The women’s world transfer record should be so much higher by now

Keira Walsh is having a pretty spectacular summer.

The England midfielder has signed a three-year contract with Barcelona, who broke the women’s soccer transfer record by paying a reported £400,000 to bring her over from Manchester City.

It is widely claimed that the old record was Pernille Harder’s move from Wolfsburg to Chelsea, valued at somewhere above £250,000. That claim might be up for debate: the trade that saw Alex Morgan join the San Diego Wave saw the Orlando Pride receive $275,000 and Wales midfielder Angharad James. Either way, it seems fair to say that Walsh’s move is the new global record.

Walsh will join a Barca side that lost the Champions League final this past May, but also only lost two games in the entirety of the 2021-22 season. While the club will have to make due without Alexia Putellas due to injury, Walsh will join a star-studded midfield that includes Aitana Bonmatí and Patri. She’ll also be the second England starter to suit up for Barca, joining Lucy Bronze.

When will this become the norm?

Walsh’s move being a world record dramatically underlines how much room for growth there is in women’s soccer. It doesn’t even cost half a million pounds to get one of the world’s best midfielders, at 25, coming off of a triumphant and widely-watched Euro 2022, onto your roster. Man City, arguably the wealthiest soccer club on the planet, was willing to let a player fitting that description go for what would constitute a rounding error on the men’s side of their club.

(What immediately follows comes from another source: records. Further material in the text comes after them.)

(* Let $t\in\mathbb{R}$ and let $M\in\mathrm{SU}(2,1)$. Suppose that $M$ maps the boundary points $\infty=[1:0:0]$, $0=[0:0:1]$ and $(1,t)=[-\tfrac12+\tfrac{it}{2}:1:1]$ to boundary points with lifts of the form ${}^t(w_{j1},w_{j2},1)$, $j=0,1,2$ (one for each image point). Let $K=\mathbb{Q}(it, w_{jk},\overline{w_{jk}} : j=0,1,2,\ k=1,2)$. Then $M^3\in\mathrm{SU}(2,1,K)$, i.e. all entries of $M^3$ lie in $K$.
   Context: $\mathrm{SU}(2,1)$ is the group of complex $3\times 3$ matrices of determinant $1$ preserving the Hermitian form $\langle z,w\rangle = z_1\overline{w_3}+z_2\overline{w_2}+z_3\overline{w_1}$ on $\mathbb{C}^3$, acting projectively on the boundary of complex hyperbolic plane, namely the projectivization of $\{z\neq0:\langle z,z\rangle=0\}$. For a field $K$, $\mathrm{SU}(2,1,K)$ is the set of elements of $\mathrm{SU}(2,1)$ with all entries in $K$. *)

theory Defs
  imports "HOL-Analysis.Analysis"
begin

definition herm :: "complex^3 \<Rightarrow> complex^3 \<Rightarrow> complex" where
  "herm z w = z$1 * cnj (w$3) + z$2 * cnj (w$2) + z$3 * cnj (w$1)"

definition SU21 :: "(complex^3^3) set" where
  "SU21 = {M. det M = 1 \<and> (\<forall>z w. herm (M *v z) (M *v w) = herm z w)}"

definition is_subfield :: "complex set \<Rightarrow> bool" where
  "is_subfield F \<longleftrightarrow> 0 \<in> F \<and> 1 \<in> F \<and>
     (\<forall>x\<in>F. \<forall>y\<in>F. x + y \<in> F \<and> x * y \<in> F) \<and>
     (\<forall>x\<in>F. - x \<in> F) \<and> (\<forall>x\<in>F. x \<noteq> 0 \<longrightarrow> inverse x \<in> F)"

definition gen_field :: "complex set \<Rightarrow> complex set" where
  "gen_field S = \<Inter>{F. is_subfield F \<and> S \<subseteq> F}"

definition SU21_over :: "complex set \<Rightarrow> (complex^3^3) set" where
  "SU21_over K = {M \<in> SU21. \<forall>i j. M$i$j \<in> K}"

definition is_lift :: "complex^3 \<Rightarrow> complex^3 \<Rightarrow> bool" where
  "is_lift v p \<longleftrightarrow> (\<exists>c. c \<noteq> 0 \<and> v = c *s p)"

end

(* Write M e1 = c0 u0, M e3 = c1 u1 and M (a,1,1) = c2 u2 for the given lifts u_j, which have
   entries in K. Preserving the Hermitian form gives three equations c_i cnj(c_j) <u_i,u_j> = const
   with pairings in K; as K is closed under conjugation they force c0/c1, c2/c1 and |c1|^2 into K.
   Hence M = c1 N with N over K, and det M = 1 gives c1^3 = 1 / det N in K, so M^3 = c1^3 N^3
   is over K although c1 itself need not be. *)

theory Submission
  imports Defs
begin

lemma subfield_add: "is_subfield F \<Longrightarrow> x \<in> F \<Longrightarrow> y \<in> F \<Longrightarrow> x + y \<in> F"
  and subfield_mult: "is_subfield F \<Longrightarrow> x \<in> F \<Longrightarrow> y \<in> F \<Longrightarrow> x * y \<in> F"
  and subfield_uminus: "is_subfield F \<Longrightarrow> x \<in> F \<Longrightarrow> - x \<in> F"
  and subfield_one: "is_subfield F \<Longrightarrow> 1 \<in> F"
  unfolding is_subfield_def by blast+

lemma subfield_inverse: "is_subfield F \<Longrightarrow> x \<in> F \<Longrightarrow> inverse x \<in> F"
  unfolding is_subfield_def by (cases "x = 0") auto

lemma subfield_diff: "is_subfield F \<Longrightarrow> x \<in> F \<Longrightarrow> y \<in> F \<Longrightarrow> x - y \<in> F"
  by (metis diff_conv_add_uminus subfield_add subfield_uminus)

lemma subfield_divide: "is_subfield F \<Longrightarrow> x \<in> F \<Longrightarrow> y \<in> F \<Longrightarrow> x / y \<in> F"
  by (simp add: divide_inverse subfield_mult subfield_inverse)

lemma subfield_numeral: "is_subfield F \<Longrightarrow> numeral n \<in> F"
  by (induction n) (simp_all only: numeral.simps subfield_add subfield_one)

lemma subfield_gen_field: "is_subfield (gen_field S)"
  unfolding gen_field_def is_subfield_def by auto

lemma gen_field_superset: "S \<subseteq> gen_field S"
  unfolding gen_field_def by auto

lemma gen_field_cnj_closed:
  assumes "cnj ` S \<subseteq> gen_field S" and "x \<in> gen_field S"
  shows "cnj x \<in> gen_field S"
proof -
  have "is_subfield (cnj -` gen_field S)"
    using subfield_gen_field[of S] unfolding is_subfield_def by auto
  moreover have "S \<subseteq> cnj -` gen_field S"
    using assms(1) by auto
  ultimately have "gen_field S \<subseteq> cnj -` gen_field S"
    unfolding gen_field_def by blast
  with assms(2) show ?thesis by auto
qed

lemma herm_in_subfield:
  assumes "is_subfield F" "\<And>x. x \<in> F \<Longrightarrow> cnj x \<in> F" "\<forall>k. u$k \<in> F" "\<forall>k. v$k \<in> F"
  shows "herm u v \<in> F"
  unfolding herm_def using assms by (simp add: subfield_add subfield_mult)

lemma herm_scale: "herm (c *s u) (d *s v) = c * cnj d * herm u v"
  unfolding herm_def by (simp add: algebra_simps)

lemma SU21_mult: "A \<in> SU21 \<Longrightarrow> B \<in> SU21 \<Longrightarrow> A ** B \<in> SU21"
  unfolding SU21_def by (auto simp: det_mul matrix_vector_mul_assoc[symmetric])

lemma matrix_mult_in_subfield:
  fixes A B :: "complex^3^3"
  assumes "is_subfield F" "\<forall>i j. A$i$j \<in> F" "\<forall>i j. B$i$j \<in> F"
  shows "\<forall>i j. (A ** B)$i$j \<in> F"
  using assms by (simp add: matrix_matrix_mult_def sum_3 subfield_add subfield_mult)

lemma det_in_subfield:
  fixes A :: "complex^3^3"
  assumes "is_subfield F" "\<forall>i j. A$i$j \<in> F"
  shows "det A \<in> F"
  using assms unfolding det_3 by (simp add: subfield_add subfield_mult subfield_diff)

lemma cube_in_subfield_of_scaled:
  fixes M :: "complex^3^3"
  assumes F: "is_subfield F" and "c \<noteq> 0" and scaled: "\<forall>i j. M$i$j / c \<in> F" and "det M = 1"
  shows "\<forall>i j. (M ** M ** M)$i$j \<in> F"
proof -
  define N :: "complex^3^3" where "N = (\<chi> i j. M$i$j / c)"
  have M: "M = (\<chi> i j. c * N$i$j)"
    using \<open>c \<noteq> 0\<close> by (simp add: vec_eq_iff N_def)
  have N: "\<forall>i j. N$i$j \<in> F"
    using scaled by (simp add: N_def)
  have "c^3 * det N = 1"
    using \<open>det M = 1\<close> unfolding M det_3 by (simp add: algebra_simps power3_eq_cube)
  then have "c^3 = 1 / det N"
    by (metis mult_zero_right nonzero_eq_divide_eq zero_neq_one)
  then have "c^3 \<in> F"
    using F N by (simp add: det_in_subfield subfield_divide subfield_one)
  moreover have "M ** M ** M = (\<chi> i j. c^3 * (N ** N ** N)$i$j)"
    unfolding M by (simp add: vec_eq_iff matrix_matrix_mult_def sum_distrib_left
        power3_eq_cube mult_ac)
  ultimately show ?thesis
    using F N by (simp add: matrix_mult_in_subfield subfield_mult)
qed

text \<open>The equations determine \<open>cnj (c2 / c1)\<close>, then \<open>c1 * cnj c1\<close>, then \<open>c0 / c1\<close>
  as rational expressions in \<open>a\<close> and the \<open>h\<close>'s.\<close>
lemma lift_ratios_in_subfield:
  assumes F: "is_subfield F" and cnjF: "\<And>x. x \<in> F \<Longrightarrow> cnj x \<in> F"
    and h: "h01 \<in> F" "h02 \<in> F" "h12 \<in> F" and "a \<in> F" "a \<noteq> 0" "c1 \<noteq> 0"
    and E01: "c0 * cnj c1 * h01 = 1" and E02: "c0 * cnj c2 * h02 = 1"
    and E12: "c1 * cnj c2 * h12 = cnj a"
  shows "c0 / c1 \<in> F" "c2 / c1 \<in> F"
proof -
  have "h01 \<noteq> 0" "h02 \<noteq> 0" "h12 \<noteq> 0" "c0 \<noteq> 0" "c2 \<noteq> 0"
    using E01 E02 E12 \<open>a \<noteq> 0\<close> by auto
  have "cnj c1 * h01 = cnj c2 * h02"
    using E01 E02 \<open>c0 \<noteq> 0\<close> by (metis mult.assoc mult_left_cancel)
  then have "cnj (c2 / c1) = h01 / h02"
    using \<open>c1 \<noteq> 0\<close> \<open>h02 \<noteq> 0\<close> by (simp add: field_simps)
  then have "cnj (c2 / c1) \<in> F"
    using F h by (simp add: subfield_divide)
  then show r2: "c2 / c1 \<in> F"
    using cnjF by fastforce
  have "c1 * cnj c1 = cnj a / h12 / cnj (c2 / c1)"
    using E12 \<open>c1 \<noteq> 0\<close> \<open>c2 \<noteq> 0\<close> \<open>h12 \<noteq> 0\<close> by (auto simp: field_simps)
  moreover have "cnj a / h12 / cnj (c2 / c1) \<in> F"
    by (rule subfield_divide[OF F subfield_divide[OF F cnjF[OF \<open>a \<in> F\<close>] h(3)] cnjF[OF r2]])
  ultimately have "c1 * cnj c1 \<in> F"
    by (simp only:)
  moreover have "c0 / c1 = 1 / (h01 * (c1 * cnj c1))"
    using E01 \<open>c1 \<noteq> 0\<close> \<open>h01 \<noteq> 0\<close> by (auto simp: field_simps)
  ultimately show "c0 / c1 \<in> F"
    using F h by (simp add: subfield_divide subfield_mult subfield_one)
qed

lemma matrix_vector_mult_3:
  "((M::'a::semiring_1^3^3) *v v) $ k = M$k$1 * v$1 + M$k$2 * v$2 + M$k$3 * v$3"
  by (simp add: matrix_vector_mult_def sum_3)

lemma SU21_scaled_entries_in_subfield:
  fixes M :: "complex^3^3" and u0 u1 u2 :: "complex^3"
  assumes "M \<in> SU21" and F: "is_subfield F" and cnjF: "\<And>x. x \<in> F \<Longrightarrow> cnj x \<in> F"
    and u: "\<forall>k. u0$k \<in> F" "\<forall>k. u1$k \<in> F" "\<forall>k. u2$k \<in> F"
    and "a \<in> F" "a \<noteq> 0"
    and "is_lift (M *v vector [1, 0, 0]) u0" "is_lift (M *v vector [0, 0, 1]) u1"
      "is_lift (M *v vector [a, 1, 1]) u2"
  obtains c where "c \<noteq> 0" "\<forall>i j. M$i$j / c \<in> F"
proof -
  obtain c0 c1 c2 where "c1 \<noteq> 0" and c0: "M *v vector [1, 0, 0] = c0 *s u0"
    and c1: "M *v vector [0, 0, 1] = c1 *s u1" and c2: "M *v vector [a, 1, 1] = c2 *s u2"
    using assms(9-11) unfolding is_lift_def by blast
  have herm_M: "herm (M *v x) (M *v y) = herm x y" for x y
    using \<open>M \<in> SU21\<close> unfolding SU21_def by blast
  have "c0 * cnj c1 * herm u0 u1 = 1" "c0 * cnj c2 * herm u0 u2 = 1"
    "c1 * cnj c2 * herm u1 u2 = cnj a"
    using herm_M[of "vector [1, 0, 0]" "vector [0, 0, 1]"]
      herm_M[of "vector [1, 0, 0]" "vector [a, 1, 1]"]
      herm_M[of "vector [0, 0, 1]" "vector [a, 1, 1]"]
    unfolding c0 c1 c2 herm_scale by (simp_all add: herm_def)
  then have r: "c0 / c1 \<in> F" "c2 / c1 \<in> F"
    using lift_ratios_in_subfield[OF F cnjF herm_in_subfield herm_in_subfield herm_in_subfield]
      F cnjF u \<open>a \<in> F\<close> \<open>a \<noteq> 0\<close> \<open>c1 \<noteq> 0\<close> by blast+
  have col1: "M$i$1 / c1 = c0 / c1 * u0$i" for i
    using arg_cong[OF c0, of "\<lambda>v. v$i"] by (simp add: matrix_vector_mult_3)
  have col3: "M$i$3 / c1 = u1$i" for i
    using arg_cong[OF c1, of "\<lambda>v. v$i"] \<open>c1 \<noteq> 0\<close> by (simp add: matrix_vector_mult_3)
  have col2: "M$i$2 / c1 = c2 / c1 * u2$i - a * (M$i$1 / c1) - M$i$3 / c1" for i
  proof -
    have "M$i$2 = c2 * u2$i - a * M$i$1 - M$i$3"
      using arg_cong[OF c2, of "\<lambda>v. v$i"] by (simp add: matrix_vector_mult_3 algebra_simps)
    then show ?thesis
      by (simp add: diff_divide_distrib)
  qed
  have "\<forall>i j. M$i$j / c1 \<in> F"
    unfolding forall_3 col2 unfolding col1 col3 using u
    by (intro allI conjI subfield_diff[OF F] subfield_mult[OF F] r \<open>a \<in> F\<close>) auto
  with \<open>c1 \<noteq> 0\<close> show thesis by (rule that)
qed

theorem mainTheorem4:
  fixes t :: real and M :: "complex^3^3" and w :: "nat \<Rightarrow> nat \<Rightarrow> complex"
  assumes "M \<in> SU21"
    and "is_lift (M *v vector [1, 0, 0]) (vector [w 0 1, w 0 2, 1])"
    and "is_lift (M *v vector [0, 0, 1]) (vector [w 1 1, w 1 2, 1])"
    and "is_lift (M *v vector [- 1/2 + \<i> * of_real t / 2, 1, 1]) (vector [w 2 1, w 2 2, 1])"
  shows "M ** M ** M \<in> SU21_over
           (gen_field ({\<i> * of_real t} \<union> {w j k | j k. j < 3 \<and> k \<in> {1, 2}}
                        \<union> {cnj (w j k) | j k. j < 3 \<and> k \<in> {1, 2}}))"
proof -
  define S where "S = {\<i> * of_real t} \<union> {w j k | j k. j < 3 \<and> k \<in> {1, 2}}
                        \<union> {cnj (w j k) | j k. j < 3 \<and> k \<in> {1, 2}}"
  define K where "K = gen_field S"
  have K: "is_subfield K" and SK: "S \<subseteq> K"
    unfolding K_def by (rule subfield_gen_field, rule gen_field_superset)
  have tK: "\<i> * of_real t \<in> K"
    using SK unfolding S_def by blast
  have "cnj ` S \<subseteq> K"
  proof -
    have "cnj (\<i> * of_real t) \<in> K"
      using K tK by (simp add: subfield_uminus)
    moreover have "cnj ` (S - {\<i> * of_real t}) \<subseteq> S"
      unfolding S_def by force
    ultimately show ?thesis
      using SK by blast
  qed
  then have cnjK: "cnj x \<in> K" if "x \<in> K" for x
    using that unfolding K_def by (rule gen_field_cnj_closed)
  have "w j k \<in> K" if "j < 3" "k \<in> {1, 2}" for j k
    using SK that unfolding S_def by blast
  then have lifts: "\<forall>k. (vector [w j 1, w j 2, 1] :: complex^3)$k \<in> K" if "j < 3" for j
    using that K by (simp add: forall_3 subfield_one)
  have aK: "- 1/2 + \<i> * of_real t / 2 \<in> K"
    using tK by (intro subfield_add[OF K] subfield_uminus[OF K] subfield_divide[OF K]
        subfield_one[OF K] subfield_numeral[OF K])
  have a_nonzero: "- 1/2 + \<i> * of_real t / 2 \<noteq> 0"
    by (simp add: complex_eq_iff)
  obtain c where "c \<noteq> 0" "\<forall>i j. M$i$j / c \<in> K"
    by (rule SU21_scaled_entries_in_subfield[OF \<open>M \<in> SU21\<close> K cnjK lifts lifts lifts
          aK a_nonzero assms(2-4)]) simp_all
  then have "\<forall>i j. (M ** M ** M)$i$j \<in> K"
    using \<open>M \<in> SU21\<close> K cube_in_subfield_of_scaled unfolding SU21_def by blast
  moreover have "M ** M ** M \<in> SU21"
    using \<open>M \<in> SU21\<close> by (simp add: SU21_mult)
  ultimately show ?thesis
    unfolding SU21_over_def K_def S_def by simp
qed

end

Women’s soccer has made tremendous strides in recent years, but the fact is that when it comes to salaries and transfer fees, clubs are still dragging their feet. If Keira Walsh, at this moment in time, can be brought to Barcelona for £400,000, imagine the team that any mid-tier European soccer club can build if they’d set aside a meager £5 million transfer budget for their women’s team.

Take the example of Lyon, who on the women’s side have made it their policy to field about half of the French national team, and then fill the rest of the lineup out with international all-stars. Lyon is a wealthy club in the grand scheme of things, but when it comes to big-time European soccer on the men’s side, their days as a Champions League dark horse are long past, largely because they’ve been priced out.

There’s not a good justification for why Walsh would only command a transfer fee at this level. The argument would probably have something to do with revenue, but we’re in a world where Barcelona’s transfer policy on the men’s side is clearly one that has disconnected the concept of revenue from expenditure.

If you’re a club like Manchester United, the ease with which you could assemble the greatest women’s soccer team ever assembled in this moment in time is frankly staggering. They’ve spent over $260 million on transfers this summer alone. Putting 3% of that figure towards their women’s team would give them, by a wide margin, the biggest transfer budget on the planet.

The giant clubs of Europe have taken the first tentative steps towards treating women’s soccer seriously. Most of them have their teams playing in real stadiums, rather than renting out a semi-pro club’s home. Clubs with training grounds that are essentially soccer heaven have, despite themselves, allowed their women’s team to train there as well. They put their players in marketing material and social media content, they take care of meals and other bare-minimum basics, and they’ve made up technical staffs of actual professionals.

The next step? Seeing how easy it would be to take over the woso world by spending at an even remotely serious level.